Within the entries that follow, show each line where the word "also" occurs.

-------- Supplied data

lemma span_closure_scale:
  assumes v: "v \<in> span_closure \<omega> S"
  shows "(\<lambda>n. s * v n) \<in> span_closure \<omega> S"
  unfolding span_closure_def
proof (intro CollectI conjI allI impI)
  have vl: "v \<in> wl2 \<omega>"
    using v by (simp add: span_closure_def)
  then show "(\<lambda>n. s * v n) \<in> wl2 \<omega>"
    by (rule wl2_scale)
  fix \<epsilon> :: real assume "0 < \<epsilon>"
  then have "0 < \<epsilon> / (cmod s + 1)"
    by (simp add: add_nonneg_pos)
  then obtain d where d: "d \<in> cspan S \<inter> wl2 \<omega>" "wnorm \<omega> (\<lambda>n. v n - d n) < \<epsilon> / (cmod s + 1)"
    using v unfolding span_closure_def by blast
  have vd: "(\<lambda>n. v n - d n) \<in> wl2 \<omega>"
    using vl d by (simp add: wl2_diff)
  have "wnorm \<omega> (\<lambda>n. s * v n - s * d n) = cmod s * wnorm \<omega> (\<lambda>n. v n - d n)"
    using wnorm_scale[OF vd, of s] by (simp add: right_diff_distrib)
  also have "\<dots> \<le> (cmod s + 1) * wnorm \<omega> (\<lambda>n. v n - d n)"
    using wnorm_nonneg[OF vd] by (simp add: mult_right_mono)
  also have "\<dots> < \<epsilon>"
    using d(2) by (simp add: pos_less_divide_eq mult.commute add_nonneg_pos)
  finally have "wnorm \<omega> (\<lambda>n. s * v n - s * d n) < \<epsilon>" .
  moreover have "(\<lambda>n. s * d n) \<in> cspan S \<inter> wl2 \<omega>"
    using d by (simp add: cspan_scale wl2_scale)
  ultimately show "\<exists>d\<in>cspan S \<inter> wl2 \<omega>. wnorm \<omega> (\<lambda>n. s * v n - d n) < \<epsilon>"
    by (intro bexI[where x="\<lambda>n. s * d n"]) auto
qed

lemma span_closure_diff:
  "v \<in> span_closure \<omega> S \<Longrightarrow> w \<in> span_closure \<omega> S \<Longrightarrow> (\<lambda>n. v n - w n) \<in> span_closure \<omega> S"
  using span_closure_add[of v S "\<lambda>n. (-1) * w n"] span_closure_scale[of w S "-1"] by simp

lemma span_closure_sum:
  "(\<And>i. i \<in> A \<Longrightarrow> v i \<in> span_closure \<omega> S) \<Longrightarrow> (\<lambda>n. \<Sum>i\<in>A. v i n) \<in> span_closure \<omega> S"
  by (induction A rule: infinite_finite_induct) (simp_all add: span_closure_zero span_closure_add)

lemma span_closure_closed:
  assumes v: "v \<in> wl2 \<omega>"
    and approx: "\<And>\<epsilon>. 0 < \<epsilon> \<Longrightarrow> \<exists>w \<in> span_closure \<omega> S. wnorm \<omega> (\<lambda>n. v n - w n) < \<epsilon>"
  shows "v \<in> span_closure \<omega> S"
  unfolding span_closure_def
proof (intro CollectI conjI allI impI v)
  fix \<epsilon> :: real assume "0 < \<epsilon>"
  then obtain w where w: "w \<in> span_closure \<omega> S" "wnorm \<omega> (\<lambda>n. v n - w n) < \<epsilon> / 2"
    using approx half_gt_zero by blast
  obtain d where d: "d \<in> cspan S \<inter> wl2 \<omega>" "wnorm \<omega> (\<lambda>n. w n - d n) < \<epsilon> / 2"
    using span_closureD[OF w(1), of "\<epsilon> / 2"] \<open>0 < \<epsilon>\<close> by auto
  have "wnorm \<omega> (\<lambda>n. v n - d n) \<le> wnorm \<omega> (\<lambda>n. v n - w n) + wnorm \<omega> (\<lambda>n. w n - d n)"
    using v span_closure_wl2[OF w(1)] d by (intro wnorm_diff_triangle) auto
  then have "wnorm \<omega> (\<lambda>n. v n - d n) < \<epsilon>"
    using w d by linarith
  then show "\<exists>d\<in>cspan S \<inter> wl2 \<omega>. wnorm \<omega> (\<lambda>n. v n - d n) < \<epsilon>"
    using d by blast
qed

lemma span_closure_if_tendsto:
  assumes "v \<in> wl2 \<omega>" "\<And>N. d N \<in> cspan S \<inter> wl2 \<omega>"
    and "(\<lambda>N. wnorm \<omega> (\<lambda>n. v n - d N n)) \<longlonglongrightarrow> 0"
  shows "v \<in> span_closure \<omega> S"
  unfolding span_closure_def
proof (intro CollectI conjI allI impI assms(1))
  fix \<epsilon> :: real assume "0 < \<epsilon>"
  then have "eventually (\<lambda>N. wnorm \<omega> (\<lambda>n. v n - d N n) < \<epsilon>) sequentially"
    by (rule order_tendstoD(2)[OF assms(3)])
  then obtain N where "wnorm \<omega> (\<lambda>n. v n - d N n) < \<epsilon>"
    unfolding eventually_sequentially by blast
  then show "\<exists>d\<in>cspan S \<inter> wl2 \<omega>. wnorm \<omega> (\<lambda>n. v n - d n) < \<epsilon>"
    using assms(2) by blast
qed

----------------

→ **Exercise result**
  also have "\<dots> \<le> (cmod s + 1) * wnorm \<omega> (\<lambda>n. v n - d n)"
  also have "\<dots> < \<epsilon>"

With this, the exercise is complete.